The migration characteristics of the A549 lung cancer cell line was investigated by installing CIM-plate 16 in RTCA, which allowed migration of cells toward the chemoattractant side through the microporous wall membrane. Media from IMR-90 and A549 cells and 50 mg/L of asbestos-exposed IMR-90 and A549 cells were added to the lower chamber (LC) of the CIM-plate 16. Media (EMEM) with or without 50 mg/L of asbestos were also placed in the LC. Two-hour serum-starved A549 cells were plated on the upper chamber (UC) of the CIM-plate 16 at a density of 20,000 cells/well with serum-free media. The effects of the tested media on A549 cells that pass through the electrodes from the UC to the LC are shown as CI values. This experiment lasted for 24 h.

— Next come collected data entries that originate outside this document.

lemma support_normal_form:
  assumes "support_type S < 7"
  shows "\<exists>c p. c \<in> glue_code \<and> p permutes {..<3}
    \<and> (\<forall>l<3. block_weight (sym_diff S c) l = type_weights (support_type S) ! p l)"
proof -
  let ?w = "block_weight S" and ?t = "support_type S"
  have type: "?t = weights_type {#?w 0, ?w 1, ?w 2#}" by (simp add: support_type_def)
  have "weights_type {#?w 0, ?w 1, ?w 2#} < 7" using assms type by simp
  from weights_type_normal_form[OF block_weight_le_4[of S 0] block_weight_le_4[of S 1]
      block_weight_le_4[of S 2] this, folded type]
  obtain k where k: "k \<in> {0, 1, 2, 3}"
    "mset (map (\<lambda>l. if k = 3 \<or> l = k then [?w 0, ?w 1, ?w 2] ! l else 4 - [?w 0, ?w 1, ?w 2] ! l) [0, 1, 2])
      = mset (type_weights ?t)"
    by blast
  define c where "c = (if k = 3 then {} else {i. block i \<noteq> k})"
  have "c \<in> glue_code"
  proof (cases "k = 3")
    case False
    with k(1) have "k < 3" by auto
    then show ?thesis using False by (simp add: c_def block_complement_in_glue_code)
  qed (simp add: c_def glue_code_def)
  have "block_weight (sym_diff S c) l = (if k = 3 \<or> l = k then ?w l else 4 - ?w l)" if "l < 3" for l
    using block_weight_sym_diff_glue[of k l S] that k(1) by (auto simp: c_def)
  then have "map (block_weight (sym_diff S c)) [0, 1, 2]
      = map (\<lambda>l. if k = 3 \<or> l = k then [?w 0, ?w 1, ?w 2] ! l else 4 - [?w 0, ?w 1, ?w 2] ! l) [0, 1, 2]"
    by simp
  then have "mset (map (block_weight (sym_diff S c)) [0, 1, 2]) = mset (type_weights ?t)"
    using k(2) by (simp only:)
  from mset_eq_permutation[OF this] obtain p where p: "p permutes {..<length (type_weights ?t)}"
    "permute_list p (type_weights ?t) = map (block_weight (sym_diff S c)) [0, 1, 2]"
    by blast
  have "block_weight (sym_diff S c) l = type_weights ?t ! p l" if "l < 3" for l
  proof -
    have "block_weight (sym_diff S c) l = map (block_weight (sym_diff S c)) [0, 1, 2] ! l"
      using that by (simp add: less_Suc_eq numeral_eq_Suc) (elim disjE; simp)
    also have "\<dots> = type_weights ?t ! p l"
      unfolding p(2)[symmetric] using permute_list_nth[OF p(1)] that length_type_weights[OF assms] by simp
    finally show ?thesis .
  qed
  moreover have "p permutes {..<3}" using p(1) length_type_weights[OF assms] by simp
  ultimately show ?thesis using \<open>c \<in> glue_code\<close> by blast
qed

lemma card_block_relabelled:
  assumes "p permutes {..<3}"
  shows "card {i. (i \<in> X) = b \<and> p (block i) = m}
    = (if m < 3 then (if b then block_weight X (inv p m) else 4 - block_weight X (inv p m)) else 0)"
proof (cases "m < 3")
  case True
  let ?l = "inv p m"
  have "?l < 3" using True permutes_inv[OF assms] permutes_in_image by fastforce
  have "p (block i) = m \<longleftrightarrow> block i = ?l" for i using permutes_inv_eq[OF assms] by metis
  then have eq: "{i. (i \<in> X) = b \<and> p (block i) = m} = {i. (i \<in> X) = b \<and> block i = ?l}" by auto
  show ?thesis
  proof (cases b)
    case False
    have "{i. i \<notin> X \<and> block i = ?l} = {i. block i = ?l} - {i \<in> X. block i = ?l}" by auto
    then have "card {i. i \<notin> X \<and> block i = ?l} = 4 - block_weight X ?l"
      using card_Diff_subset[of "{i \<in> X. block i = ?l}" "{i. block i = ?l}"] card_block[OF \<open>?l < 3\<close>]
      by (auto simp: block_weight_def)
    then show ?thesis using eq True False by simp
  qed (use eq True in \<open>simp add: block_weight_def\<close>)
next
  case False
  have "p (block i) < 3" for i using permutes_in_image[OF assms] block_less_3[of i] by simp
  then show ?thesis using False by (metis (mono_tags, lifting) card.empty empty_Collect_eq)
qed

lemma support_normal_form_fibres:
  assumes "support_type S < 7"
  shows "\<exists>c p. c \<in> glue_code \<and> p permutes {..<3} \<and> (\<forall>b m.
    card {i. (i \<in> sym_diff S c, p (block i)) = (b, m)} = (if m < 3 then
      if b then type_weights (support_type S) ! m else 4 - type_weights (support_type S) ! m else 0))"
proof -
  let ?t = "support_type S"
  obtain c p where c: "c \<in> glue_code" "p permutes {..<3}"
    "\<forall>l<3. block_weight (sym_diff S c) l = type_weights ?t ! p l"
    using support_normal_form[OF assms] by blast
  have "block_weight (sym_diff S c) (inv p m) = type_weights ?t ! m" if "m < 3" for m
  proof -
    have "inv p m < 3" using c(2) that permutes_inv permutes_in_image by fastforce
    then show ?thesis using c(3) permutes_inverses(1)[OF c(2)] by simp
  qed
  then have "card {i. (i \<in> sym_diff S c, p (block i)) = (b, m)} = (if m < 3 then
      if b then type_weights ?t ! m else 4 - type_weights ?t ! m else 0)" for b m
    using card_block_relabelled[OF c(2), of "sym_diff S c" b m] by (cases "m < 3") simp_all
  then show ?thesis using c(1,2) by blast
qed

text \<open>Both supports are brought to the normal form of their type; a bijection matching the fibres of
  the relabelled blocks then moves one onto the other.\<close>
lemma same_support_type_imp_permutes_blocks:
  assumes "support_type S < 7" "support_type S' = support_type S"
  obtains \<sigma> where "permutes_blocks \<sigma>" "sym_diff (\<sigma> ` S) S' \<in> glue_code"
proof -
  let ?t = "support_type S"
  define normal_fibre where "normal_fibre l = (case l of (b, m) \<Rightarrow>
    if m < 3 then if b then type_weights ?t ! m else 4 - type_weights ?t ! m else 0)" for l
  obtain c p where c: "c \<in> glue_code" "p permutes {..<3}" and "\<forall>b m.
      card {i. (i \<in> sym_diff S c, p (block i)) = (b, m)} = (if m < 3 then
        if b then type_weights ?t ! m else 4 - type_weights ?t ! m else 0)"
    using support_normal_form_fibres[OF assms(1)] by blast
  then have fibres: "card {i. (i \<in> sym_diff S c, p (block i)) = l} = normal_fibre l" for l
    by (cases l) (simp add: normal_fibre_def)
  obtain c' p' where c': "c' \<in> glue_code" "p' permutes {..<3}" and "\<forall>b m.
      card {i. (i \<in> sym_diff S' c', p' (block i)) = (b, m)} = (if m < 3 then
        if b then type_weights ?t ! m else 4 - type_weights ?t ! m else 0)"
    using support_normal_form_fibres[of S'] assms by auto
  then have fibres': "card {i. (i \<in> sym_diff S' c', p' (block i)) = l} = normal_fibre l" for l
    by (cases l) (simp add: normal_fibre_def)
  define X where "X = sym_diff S c"
  define X' where "X' = sym_diff S' c'"
  have "card {i. (i \<in> X, p (block i)) = l} = card {i. (i \<in> X', p' (block i)) = l}" for l
    unfolding X_def X'_def fibres fibres' ..
  from exists_bij_preserving_labels[OF this]
  obtain \<sigma> where "bij \<sigma>" and labels: "\<forall>i. (\<sigma> i \<in> X', p' (block (\<sigma> i))) = (i \<in> X, p (block i))"
    by blast
  have mem: "\<sigma> i \<in> X' \<longleftrightarrow> i \<in> X" and relabel: "p' (block (\<sigma> i)) = p (block i)" for i
    using labels by simp_all
  have "block (\<sigma> i) = block (\<sigma> j) \<longleftrightarrow> p' (block (\<sigma> i)) = p' (block (\<sigma> j))" for i j
    by (simp add: inj_eq[OF permutes_inj[OF c'(2)]])
  also have "\<dots> i j \<longleftrightarrow> block i = block j" for i j
    by (simp add: relabel inj_eq[OF permutes_inj[OF c(2)]])
  finally have perm: "permutes_blocks \<sigma>"
    using \<open>bij \<sigma>\<close> by (simp add: permutes_blocks_def)
  have "\<sigma> ` X = X'"
  proof (intro equalityI subsetI)
    fix j assume "j \<in> X'"
    obtain i where "j = \<sigma> i" using bij_is_surj[OF \<open>bij \<sigma>\<close>] by (rule surjE)
    then show "j \<in> \<sigma> ` X" using mem \<open>j \<in> X'\<close> by blast
  qed (use mem in blast)
  then have "sym_diff (\<sigma> ` S) S' = sym_diff (\<sigma> ` c) c'"
    using bij_is_inj[OF \<open>bij \<sigma>\<close>] unfolding X_def X'_def by (auto simp: image_Un image_set_diff)
  then show ?thesis
    using that perm glue_code_sym_diff[OF image_glue_code[OF perm c(1)] c'(1)] by simp
qed

section \<open>Counting\<close>

lemma card_subsets_with_fibre_cards:
  assumes "finite A" "finite K" "f ` A \<subseteq> K"
  shows "card {S. S \<subseteq> A \<and> (\<forall>k\<in>K. card {x \<in> S. f x = k} = w k)}
    = (\<Prod>k\<in>K. card {x \<in> A. f x = k} choose w k)"
proof -
  let ?F = "\<lambda>k. {T. T \<subseteq> {x \<in> A. f x = k} \<and> card T = w k}"
  let ?L = "{S. S \<subseteq> A \<and> (\<forall>k\<in>K. card {x \<in> S. f x = k} = w k)}"
  have "bij_betw (\<lambda>S. \<lambda>k\<in>K. {x \<in> S. f x = k}) ?L (Pi\<^sub>E K ?F)"
  proof (rule bij_betw_byWitness[where f' = "\<lambda>g. \<Union>k\<in>K. g k"])
    show "\<forall>S\<in>?L. (\<Union>k\<in>K. (\<lambda>k\<in>K. {x \<in> S. f x = k}) k) = S"
      using assms(3) by auto
    show "\<forall>g\<in>Pi\<^sub>E K ?F. (\<lambda>k\<in>K. {x \<in> \<Union>k\<in>K. g k. f x = k}) = g"
    proof
      fix g assume g: "g \<in> Pi\<^sub>E K ?F"
      have "{x \<in> \<Union>l\<in>K. g l. f x = k} = g k" if "k \<in> K" for k
        using g that by (fastforce simp: PiE_iff)
      then show "(\<lambda>k\<in>K. {x \<in> \<Union>k\<in>K. g k. f x = k}) = g"
        using g by (intro ext) (simp add: PiE_iff extensional_def)
    qed
    show "(\<lambda>S. \<lambda>k\<in>K. {x \<in> S. f x = k}) ` ?L \<subseteq> Pi\<^sub>E K ?F" by auto
    show "(\<lambda>g. \<Union>k\<in>K. g k) ` Pi\<^sub>E K ?F \<subseteq> ?L"
    proof
      fix S assume "S \<in> (\<lambda>g. \<Union>k\<in>K. g k) ` Pi\<^sub>E K ?F"
      then obtain g where g: "g \<in> Pi\<^sub>E K ?F" "S = (\<Union>k\<in>K. g k)" by blast
      then have "{x \<in> S. f x = k} = g k" if "k \<in> K" for k
        using that by (fastforce simp: PiE_iff)
      then show "S \<in> ?L" using g by (auto simp: PiE_iff)
    qed
  qed
  then have "card ?L = card (Pi\<^sub>E K ?F)" by (rule bij_betw_same_card)
  also have "\<dots> = (\<Prod>k\<in>K. card {x \<in> A. f x = k} choose w k)"
    using assms(1,2) by (simp add: card_PiE n_subsets)
  finally show ?thesis .
qed

definition type_count :: "nat \<Rightarrow> nat" where
  "type_count t = (\<Sum>(a, b, c) \<in> {..4} \<times> {..4} \<times> {..4}.
     if weights_type {#a, b, c#} = t then (4 choose a) * (4 choose b) * (4 choose c) else 0)"

lemma type_count_values: "map type_count [0..<7] = [4, 4, 72, 216, 216, 256, 256]"
  unfolding type_count_def by code_simp

lemma card_supports_with_weights:
  "card {S. block_weight S 0 = a \<and> block_weight S 1 = b \<and> block_weight S 2 = c}
    = (4 choose a) * (4 choose b) * (4 choose c)"
proof -
  define w where "w k = (if k = 0 then a else if k = 1 then b else c)" for k :: nat
  have blocks: "block ` UNIV \<subseteq> {0, 1, 2}" by (rule image_subsetI) (rule block_range)
  have eq: "{S. block_weight S 0 = a \<and> block_weight S 1 = b \<and> block_weight S 2 = c}
      = {S. S \<subseteq> UNIV \<and> (\<forall>k\<in>{0, 1, 2}. card {i \<in> S. block i = k} = w k)}"
    by (auto simp: block_weight_def w_def)
  have "card {S. S \<subseteq> UNIV \<and> (\<forall>k\<in>{0, 1, 2}. card {i \<in> S. block i = k} = w k)}
      = (\<Prod>k\<in>{0, 1, 2}. card {i \<in> UNIV. block i = k} choose w k)"
    by (rule card_subsets_with_fibre_cards[OF _ _ blocks]) simp_all
  also have "\<dots> = (4 choose a) * (4 choose b) * (4 choose c)"
    using card_block by (simp add: w_def)
  finally show ?thesis unfolding eq .
qed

Assessing cell proliferation after H₂O₂ and UV treatment

Preliminary experiments were conducted on CellTiter-Glo to determine the treatment conditions for hydrogen peroxide (H₂O₂, Duksan Pure Chemicals, Gyeonggi-do, Korea) and UV radiation (UV crosslinker. Fisher Biotech, Pittsburgh, PA, USA) such that survival rates similar to those of IMR-90 cells exposed to 50 mg/L asbestos for 24 h were obtained (S5 Fig). IMR-90 cells were plated on a 24-well plate at a density of 50,000 cells/mL. After incubation, the cells were covered with DPBS and exposed to 1 mM H₂O₂ for 3 h or 25 J/m² UV radiation. The damaged cells were immediately incubated in fresh media for 24 h. To monitor cell response using RTCA, NCI-H358 (10,000 cells/well), Calu-3 (40,000 cells/well), and A549 (4,000 cells/well) cells were seeded on E-plate 16. Following 24 h, the media were removed and replaced with EMEM, IMR-90 cell-derived media, and media derived from IMR-90 cells treated with H₂O₂ and UV.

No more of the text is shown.